The goal is to improve the state of preservation and access to these works by
providing a manifest of full-text content versions and locations.
<p>This service does not directly contain full-text content itself, but
provides basic access for human and machine readers through links to copies in
web archives, repositories, and the public web.
<p>Significantly more context and background information can be found in <a
href="https://guide.{{ config.FATCAT_DOMAIN }}/">The Guide</a>.
<p>Feedback and queries can be directed to
<b><a href="mailto:webservices@archive.org">webservices@archive.org</a></b>.

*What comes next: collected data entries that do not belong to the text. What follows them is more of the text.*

lemma moebius_product_no_root_outside_disk:
  fixes A B C D x t :: complex and a :: real
  assumes no_root_B: "\<And>y. 1 < norm y \<Longrightarrow> B + D * y \<noteq> 0"
    and no_root: "\<And>x y. 1 < norm x \<Longrightarrow> 1 < norm y \<Longrightarrow> A + B * x + C * y + D * x * y \<noteq> 0"
    and "\<bar>a\<bar> \<le> 1" "1 < norm x" "1 < norm t"
  shows "(A + C * t) * (1 + of_real a * t) + (B + D * t) * (of_real a + t) * x \<noteq> 0"
proof (rule add_nonzero_if_norm_less)
  have "of_real a + t \<noteq> 0"
    using assms(3,5) by (intro add_nonzero_if_norm_less) simp
  have "norm ((A + C * t) * (1 + of_real a * t)) \<le> norm (B + D * t) * norm (of_real a + t)"
    unfolding norm_mult
    using norm_le_if_bilinear_no_root_outside_disk[OF no_root_B no_root \<open>1 < norm t\<close>]
      norm_one_add_mult_le_norm_add[OF \<open>\<bar>a\<bar> \<le> 1\<close> \<open>1 < norm t\<close>]
    by (intro mult_mono) auto
  also have "\<dots> < norm ((B + D * t) * (of_real a + t) * x)"
    using no_root_B[OF \<open>1 < norm t\<close>] \<open>of_real a + t \<noteq> 0\<close> \<open>1 < norm x\<close> by (simp add: norm_mult)
  finally show "norm ((A + C * t) * (1 + of_real a * t)) < norm ((B + D * t) * (of_real a + t) * x)" .
qed
lemma dual_re_eq_0_power: "dual_re x = 0 \<Longrightarrow> 2 \<le> n \<Longrightarrow> x ^ n = 0"
  by (metis dual_re_eq_0_mult le_add_diff_inverse mult_zero_left power2_eq_square power_add)

lemma dual_power_of_re_1:
  assumes "dual_re x = 1"
  shows "x ^ n = 1 + of_nat n * (x - 1)"
proof -
  define e where "e = x - 1"
  have e2: "e * e = 0"
    using assms by (intro dual_re_eq_0_mult) (simp_all add: e_def)
  have "(1 + e) ^ n = 1 + of_nat n * e"
  proof (induction n)
    case (Suc n)
    have "(1 + e) ^ Suc n = 1 + of_nat n * e + e + of_nat n * (e * e)"
      by (simp add: Suc algebra_simps)
    then show ?case
      by (simp add: e2 algebra_simps)
  qed simp
  then show ?thesis
    by (simp add: e_def)
qed

lemma dual_power_char_eq_1:
  fixes x :: "'a::ring_1 dual_num"
  assumes "dual_re x = 1" and "of_nat p = (0 :: 'a)" and "0 < i"
  shows "x ^ p ^ i = 1"
proof -
  have "of_nat p = (0 :: 'a dual_num)"
    using assms(2) by (simp add: of_nat_eq_0_iff_char_dvd)
  then have "of_nat (p ^ i) = (0 :: 'a dual_num)"
    using assms(3) by (simp add: of_nat_power zero_power)
  then show ?thesis
    using dual_power_of_re_1[OF assms(1), of "p ^ i"] by simp
qed

lemma dual_unit_of_re_1:
  fixes x :: "'a::ring_1 dual_num"
  assumes "prime p" and "of_nat p = (0 :: 'a)" and "dual_re x = 1"
  shows "x ^ (p - 1) * x = 1"
  using dual_power_char_eq_1[OF assms(3,2), of 1] prime_gt_0_nat[OF assms(1)]
  by (simp flip: power_Suc2)

section \<open>Composition of additive power series\<close>

text \<open>Coefficients of \<open>\<beta>(\<alpha>(X))\<close> for \<open>\<alpha> = \<Sum> a_i X^(p^i)\<close> and \<open>\<beta> = \<Sum> b_i X^(p^i)\<close> over a
  commutative ring of characteristic \<open>p\<close>.\<close>
definition pcomp :: "nat \<Rightarrow> (nat \<Rightarrow> 'b::comm_ring_1) \<Rightarrow> (nat \<Rightarrow> 'b) \<Rightarrow> nat \<Rightarrow> 'b" where
  "pcomp p a b i = (\<Sum>j\<le>i. a (i - j) ^ p ^ j * b j)"

definition pcomp_one :: "nat \<Rightarrow> 'b::comm_ring_1" where
  "pcomp_one i = (if i = 0 then 1 else 0)"

lemma pcomp_0 [simp]: "pcomp p a b 0 = a 0 * b 0"
  by (simp add: pcomp_def)

lemma pcomp_split:
  assumes "0 < i"
  shows "pcomp p a b i = a i * b 0 + (\<Sum>j\<in>{1..<i}. a (i - j) ^ p ^ j * b j) + a 0 ^ p ^ i * b i"
proof -
  have "{..i} = insert 0 (insert i {1..<i})"
    using assms by auto
  then show ?thesis
    using assms by (simp add: pcomp_def add_ac)
qed
(* Let $X$ be a compact metrizable abelian group, $T$ a continuous automorphism of $X$, and $Y$ a closed subgroup with $TY=Y$. Let $\mathcal{P}\subseteq\mathbb{N}$ have bounded gaps. If both $(Y,T)$ and $(X/Y,T)$ satisfy partial specification with periods $\mathcal{P}$, then $(X,T)$ satisfies partial specification with periods $\mathcal{P}$.
   Context: Let $(Z,R)$ be a compact metrizable space with a homeomorphism, and fix a compatible metric $d_Z$ (the property below does not depend on this choice). For $M\in\mathbb{N}$, an $M$-spaced specification is $\xi=\{(z_i;a_i,b_i)\}_{i=1}^r$ with $z_i\in Z$ and integers $0\le a_1<b_1<\cdots<a_r<b_r$, $a_{i+1}-b_i\ge M$. For $\varepsilon>0$, $\xi$ is $\varepsilon$-partially traced by $w\in Z$ if for each $i$, $|\{a_i\le n<b_i: d_Z(R^nz_i,R^nw)<\varepsilon\}|>(1-\varepsilon)(b_i-a_i)$. $(Z,R)$ satisfies partial specification with periods $\mathcal{P}$ if for every $\varepsilon>0$ there exist $N,M\in\mathbb{N}$ such that for every $M$-spaced specification $\xi$ and every $n\in\mathcal{P}$ with $n\ge\max\{N,(1+\varepsilon)b_r\}$ there exists $w\in Z$ with $R^nw=w$ that $\varepsilon$-partially traces $\xi$. Here $T$ denotes also its restriction to $Y$ and the induced automorphism of $X/Y$. *)

theory Defs
  imports "HOL-Analysis.Analysis"
begin

text \<open>Specifications are indexed
  0-based: points z i, intervals [a i, b i) for i < r, with r \<ge> 1.\<close>

definition spaced_spec ::
  "'a set \<Rightarrow> nat \<Rightarrow> nat \<Rightarrow> (nat \<Rightarrow> 'a) \<Rightarrow> (nat \<Rightarrow> nat) \<Rightarrow> (nat \<Rightarrow> nat) \<Rightarrow> bool" where
  "spaced_spec S M r z a b \<longleftrightarrow>
     r \<ge> 1 \<and> (\<forall>i<r. z i \<in> S \<and> a i < b i) \<and>
     (\<forall>i. Suc i < r \<longrightarrow> b i < a (Suc i) \<and> b i + M \<le> a (Suc i))"

definition partially_traces ::
  "('a \<Rightarrow> 'a) \<Rightarrow> ('a \<Rightarrow> 'a \<Rightarrow> real) \<Rightarrow> real \<Rightarrow> nat \<Rightarrow> (nat \<Rightarrow> 'a) \<Rightarrow> (nat \<Rightarrow> nat) \<Rightarrow> (nat \<Rightarrow> nat) \<Rightarrow> 'a \<Rightarrow> bool" where
  "partially_traces R d \<epsilon> r z a b w \<longleftrightarrow>
     (\<forall>i<r. real (card {n \<in> {a i..<b i}. d ((R ^^ n) (z i)) ((R ^^ n) w) < \<epsilon>})
              > (1 - \<epsilon>) * real (b i - a i))"

definition partial_specification ::
  "'a set \<Rightarrow> ('a \<Rightarrow> 'a) \<Rightarrow> ('a \<Rightarrow> 'a \<Rightarrow> real) \<Rightarrow> nat set \<Rightarrow> bool" where
  "partial_specification S R d P \<longleftrightarrow>
     (\<forall>\<epsilon>>0. \<exists>N M::nat. \<forall>r z a b. spaced_spec S M r z a b \<longrightarrow>
        (\<forall>n\<in>P. n \<ge> N \<and> real n \<ge> (1 + \<epsilon>) * real (b (r - 1)) \<longrightarrow>
           (\<exists>w\<in>S. (R ^^ n) w = w \<and> partially_traces R d \<epsilon> r z a b w)))"

definition bounded_gaps :: "nat set \<Rightarrow> bool" where
  "bounded_gaps P \<longleftrightarrow> (\<exists>K. \<forall>m. \<exists>p\<in>P. m \<le> p \<and> p < m + K)"

text \<open>Hausdorff distance (a compatible metric on the space of cosets of a compact subgroup).\<close>
definition hausdorff_dist :: "'a::metric_space set \<Rightarrow> 'a set \<Rightarrow> real" where
  "hausdorff_dist A B = max (SUP x\<in>A. infdist x B) (SUP y\<in>B. infdist y A)"

text \<open>The quotient X/Y as the set of cosets, with the induced automorphism acting by images.\<close>
definition cosets :: "'a::ab_group_add set \<Rightarrow> 'a set set" where
  "cosets Y = range (\<lambda>x. (\<lambda>y. x + y) ` Y)"

end

theory Submission
  imports Defs
begin

lemma funpow_image: "((\<lambda>C. f ` C) ^^ k) C = ((f :: 'a \<Rightarrow> 'a) ^^ k) ` C"
  by (induction k) (simp_all add: image_image)

lemma funpow_image_invariant:
  assumes "(f :: 'a \<Rightarrow> 'a) ` Y = Y" shows "(f ^^ k) ` Y = Y"
proof (induction k)
  case (Suc k)
  have "(f ^^ Suc k) ` Y = f ` (f ^^ k) ` Y" by (simp add: image_comp)
  then show ?case using Suc assms by simp
qed simp

lemma continuous_on_funpow: "continuous_on UNIV (f :: 'a::topological_space \<Rightarrow> 'a) \<Longrightarrow> continuous_on UNIV (f ^^ k)"
  by (induction k) (auto intro: continuous_on_compose2[of UNIV f])

lemma additive_funpow: "Modules.additive (f :: 'a::ab_group_add \<Rightarrow> 'a) \<Longrightarrow> Modules.additive (f ^^ k)"
  by (induction k) (simp_all add: Modules.additive_def)

lemma uniformly_continuous_translation:
  fixes e :: real
  assumes "compact (UNIV :: 'x::{topological_ab_group_add, metric_space} set)" and "e > 0"
  shows "\<exists>d>0. \<forall>u a b :: 'x. dist a b < d \<longrightarrow> dist (u + a) (u + b) < e"
proof -
  define add :: "'x \<times> 'x \<Rightarrow> 'x" where "add p = fst p + snd p" for p
  have "compact (UNIV \<times> UNIV :: ('x \<times> 'x) set)"
    by (rule compact_Times[OF assms(1) assms(1)])
  moreover have "continuous_on UNIV add"
    unfolding add_def by (intro continuous_on_add continuous_on_fst continuous_on_snd continuous_on_id)
  ultimately have uc: "uniformly_continuous_on UNIV add"
    by (simp add: compact_uniformly_continuous)
  obtain d where "d > 0" and d: "\<And>p p'. p \<in> UNIV \<Longrightarrow> p' \<in> UNIV \<Longrightarrow> dist p' p < d \<Longrightarrow> dist (add p') (add p) < e"
    using uniformly_continuous_onE[OF uc assms(2)] by metis
  have "dist (u + a) (u + b) < e" if "dist a b < d" for u a b :: 'x
    using d[of "(u, b)" "(u, a)"] that by (simp add: add_def dist_Pair_Pair)
  with \<open>d > 0\<close> show ?thesis by blast
qed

<h3>Goals and Features</h3>
<p>A few things set Fatcat apart from similar indexing and discovery services:
<ul>
<li>inclusion of archival, <b>file-level metadata (hashes)</b> in addition
to URLs, which allows automated verification ("do I have the right copy"),
reveals content-drift over time, and enables efficient distribution of
content through the ecosystem
<li>native support for "post-PDF" digital media, including <b>archival web
captures and datasets</b>, as well as content stored on the distributed web
<li>data model that captures the <b>work/edition distinction</b>,
grouping pre-print, post-review, published, re-published, and updated
versions of a work together
<li><b>public editing</b> interface, allowing metadata corrections and improvements
from individuals and bots in addition to automated imports from authoritative
sources
<li>focus on providing a stable API and corpus (making integration with
diverse user-facing applications simple), while enabling full replication and
mirroring of the corpus to <b>reduce the risks of centralized control</b>
</ul>
<p>This service aspires to be a piece of sustainable, long-term, non-profit,
free-software, collaborative, open digital infrastructure. It is primarily
designed to support the <i>archival</i> and <i>dissemination</i> roles of
scholarly communication. It may also support the <i>registration</i> role
(establishing precedence and authorship), but explicitly does not aid with
<i>certification</i> of content, and is not intended to be used for
<i>evaluation</i> of individuals, institutions, or venues. This service is
"universal", not currated, and happily includes retracted and "predatory"
content).
<h3>Sources of Metadata</h3>
The source of all bibliographic information is recorded in edit history
metadata, which allows the provenance of all records to be reconstructed. A few
major sources are worth highlighting here:
<ul>
<li>Release metadata from <b>Crossref</b>, via their public
<a href="https://github.com/CrossRef/rest-api-doc">REST API</a>
<li>Release metadata and linked full-text content from NIH <b>Pubmed</b> and <b><a href="https://arxiv.org">arXiv.org</a></b>
<li>Release metadata and linked public domain full-text content the <b>JSTOR</b> Early Journal Content collection
<li>Creator names and de-duplication from <b>ORCID</b>, via their annual public data releases
<li>Journal title metadata from <b>DOAJ</b>, <b>ISSN ROAD</b>, and <b>SHERPA/RoMEO</b>
<li>Full-text URL lists from <b><a href="https://core.ac.uk">CORE</a></b>,
<b><a href="http://unpaywall.org">Unpaywall</a></b>,
<b><a href="https://www.semanticscholar.org">Semantic Scholar</a></b>,
<b><a href="https://citeseerx.ist.psu.edu">CiteseerX</a></b>,
and <b><a href="https://www.microsoft.com/en-us/research/project/academic">Microsoft Academic Graph</a></b>.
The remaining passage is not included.